Daher sind Pharmaunternehmen bestrebt, solche Schäden zu verhindern. In hochsensiblen Prozessen werden Druckmessgeräte z.B. nach jedem Batch ausgebaut und auf Beschädigungen untersucht. Dieser Aufwand und dadurch hervorgerufene Unsicherheitsfaktoren lassen sich mit einer neu entwickelten Lösung vermeiden: Ein Druckmittlersystem mit Doppelmembran und Membranüberwachung schaltet Risiken und Folgeschäden -wie oben beschrieben- aus. Bei dem patentierten System wird der Raum zwischen den beiden Membranen evakuiert und das Vakuum mit einem Messgerät kontrolliert. Die Form der Überwachung lässt sich, je nach Sensibilität des Prozesses, individuell festlegen. Bei regelmäßiger Vor-Ort-Aufsicht reicht zur Kontrolle z.B. ein Manometer mit Grün-Rot-Anzeige, in anderen Fällen ein optisches oder akustisches Warnsignal im Leitstand. Bei Medien mit hohem Gefährdungspotenzial können Betreiber einen Druckschalter einsetzen, der im Schadensfall den Prozess sofort stoppt.

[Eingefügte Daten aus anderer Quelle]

(* Let $n$, $U=U_{n+1}$, the bases $E_{\mathcal M}$, $F^{\mathcal M}$, the elements $E_{\mathcal M_1\cdots\mathcal M_k}$, $F^{\mathcal N_1\cdots\mathcal N_k}$ and the projectors $\mathbb{P}_k$ be as in the context, and let $p\ge2$ be an integer. Suppose there are real numbers $a_k$ ($k=2,3,\dots,p$) such that $$\langle E_{\mathcal M_1\cdots\mathcal M_k}|F^{\mathcal N_1\cdots\mathcal N_k}\rangle=a_k(\mathbb{P}_k)_{\mathcal M_1\cdots\mathcal M_k}{}^{\mathcal N_1\cdots\mathcal N_k}$$ for all indices and all $k=2,\dots,p$, and put $a_1=1$. Then, for all indices (with summation over repeated indices), (i) $[\![E_{\mathcal M},F^{\mathcal N_1\cdots\mathcal N_p}]\!]=(-1)^p\frac{a_p}{a_{p-1}}(\mathbb{P}_p)_{\mathcal M\mathcal M_2\cdots\mathcal M_p}{}^{\mathcal N_1\cdots\mathcal N_p}F^{\mathcal M_2\cdots\mathcal M_p}$; (ii) $[\![E_{\mathcal M_2\cdots\mathcal M_p},F^{\mathcal N_1\cdots\mathcal N_p}]\!]=a_p(\mathbb{P}_p)_{\mathcal M_1\mathcal M_2\cdots\mathcal M_p}{}^{\mathcal N_1\cdots\mathcal N_p}F^{\mathcal M_1}$; (iii) $[\![E_{\mathcal M_1\cdots\mathcal M_p},F^{\mathcal N_1\cdots\mathcal N_p}]\!]=a_p(\mathbb{P}_p)_{\mathcal M_1\cdots\mathcal M_p}{}^{\mathcal K_1\cdots\mathcal K_p}\sum_{i=1}^p\delta_{\mathcal K_1}{}^{\mathcal N_1}\cdots\delta_{\mathcal K_{i-1}}{}^{\mathcal N_{i-1}}\{E_{\mathcal K_i},F^{\mathcal N_i}\}\delta_{\mathcal K_{i+1}}{}^{\mathcal N_{i+1}}\cdots\delta_{\mathcal K_p}{}^{\mathcal N_p}$. (For $p=2$, $F^{\mathcal M_2\cdots\mathcal M_p}$ means $F^{\mathcal M_2}$ and $E_{\mathcal M_2\cdots\mathcal M_p}$ means $E_{\mathcal M_2}$.)
   Context: Fix an integer $n$ with $4\le n\le 8$. $E_n$ denotes the split real Lie algebra with Dynkin diagram on nodes $1,\dots,n$, where nodes $1,\dots,n-1$ form a chain and node $n$ is joined to node $n-3$. Extend this diagram by a node $0$ joined to node $1$, and let $A=(A_{IJ})_{I,J=0,\dots,n}$ with $A_{00}=0$, $A_{ii}=2$ for $i\ge1$, $A_{IJ}=-1$ if $I\neq J$ are joined and $0$ otherwise. Let $\tilde U$ be the real Lie superalgebra generated by $e_I,f_I,h_I$ ($I=0,\dots,n$), all even except $e_0,f_0$ which are odd, subject to $[\![h_I,e_J]\!]=A_{IJ}e_J$, $[\![h_I,f_J]\!]=-A_{IJ}f_J$, $[\![e_I,f_J]\!]=\delta_{IJ}h_J$, $[\![h_I,h_J]\!]=0$, where $[\![x,y]\!]$ is the superbracket (written $\{x,y\}$ when both are odd, where it is symmetric, and $[x,y]$ otherwise). $U=U_{n+1}$ is the quotient of $\tilde U$ by its maximal ideal intersecting $\mathrm{span}\{h_I\}$ trivially (equivalently by the ideal generated by $(\mathrm{ad}\,e_i)^{1-A_{iJ}}(e_J)$, $(\mathrm{ad}\,f_i)^{1-A_{iJ}}(f_J)$, $i=1,\dots,n$, $J=0,\dots,n$). $U=\bigoplus_p U_p$ is $\mathbb{Z}$-graded with $e_0\in U_{-1}$, $f_0\in U_1$, all other generators in $U_0$; $U_p$ has parity $p\bmod 2$ and $[\![U_p,U_q]\!]\subseteq U_{p+q}$. The subalgebra generated by $e_i,f_i,h_i$ ($i\ge1$) is $E_n$, and each $U_p$ is an $E_n$-module. $U$ carries an invariant, supersymmetric bilinear form $\langle\cdot|\cdot\rangle$ with $\langle U_p|U_q\rangle=0$ unless $p+q=0$, $\langle h_I|h_J\rangle=A_{IJ}$, $\langle e_I|f_J\rangle=\delta_{IJ}$, $\langle e_I|e_J\rangle=\langle f_I|f_J\rangle=0$. Choose bases $\{E_{\mathcal M}\}$ of $U_{-1}$ and $\{F^{\mathcal M}\}$ of $U_1$ with $\langle E_{\mathcal M}|F^{\mathcal N}\rangle=\delta_{\mathcal M}{}^{\mathcal N}$. For $k\ge2$ set $E_{\mathcal M_1\cdots\mathcal M_k}=[\![E_{\mathcal M_1},[\![E_{\mathcal M_2},\ldots,[\![E_{\mathcal M_{k-1}},E_{\mathcal M_k}]\!]\cdots]\!]]\!]$ and $F^{\mathcal M_1\cdots\mathcal M_k}=[\![F^{\mathcal M_1},[\![F^{\mathcal M_2},\ldots,[\![F^{\mathcal M_{k-1}},F^{\mathcal M_k}]\!]\cdots]\!]]\!]$; these span $U_{-k}$ and $U_k$ respectively. For $k\ge2$, $\mathbb{P}_k$ is the projector onto the $E_n$-representation $U_{-k}$ inside the $k$-fold tensor power of $U_{-1}$: an array $(\mathbb{P}_k)_{\mathcal M_1\cdots\mathcal M_k}{}^{\mathcal N_1\cdots\mathcal N_k}$, idempotent as a matrix, such that $E_{\mathcal M_1\cdots\mathcal M_k}=(\mathbb{P}_k)_{\mathcal M_1\cdots\mathcal M_k}{}^{\mathcal N_1\cdots\mathcal N_k}E_{\mathcal N_1\cdots\mathcal N_k}$ and $F^{\mathcal N_1\cdots\mathcal N_k}=(\mathbb{P}_k)_{\mathcal M_1\cdots\mathcal M_k}{}^{\mathcal N_1\cdots\mathcal N_k}F^{\mathcal M_1\cdots\mathcal M_k}$. Repeated indices are summed. *)

theory Defs
  imports "HOL-Analysis.Analysis"
begin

Sollte die messstoffberührte Membran in Folge anhaltender Extrembelastung oder durch ein aggressives Medium beschädigt werden, schottet die zweite Membran den Prozess weiterhin zuverlässig ab und setzt die Drucküberwachung bis zur Behebung des Schadens fort. Da ein Bruch innerhalb des Systems unmittelbar erkannt und gemeldet wird, können sich außerdem keine Mikroben unbemerkt hinter der Membran festsetzen. Darüber hinaus meldet sich der Alarm sofort, falls die Membran während der Wartung oder Kalibrierung beschädigt wurde. Er verhindert somit, dass ein defektes Gerät in den Prozess eingebaut wird. Die Sicherheitsfunktion des selbstüberwachenden Druckmittlersystems optimiert zugleich den Schutz der prozessabgewandten Seite: Im Fall einer beschädigten Membran können keine gefährlichen Substanzen in die Umwelt austreten.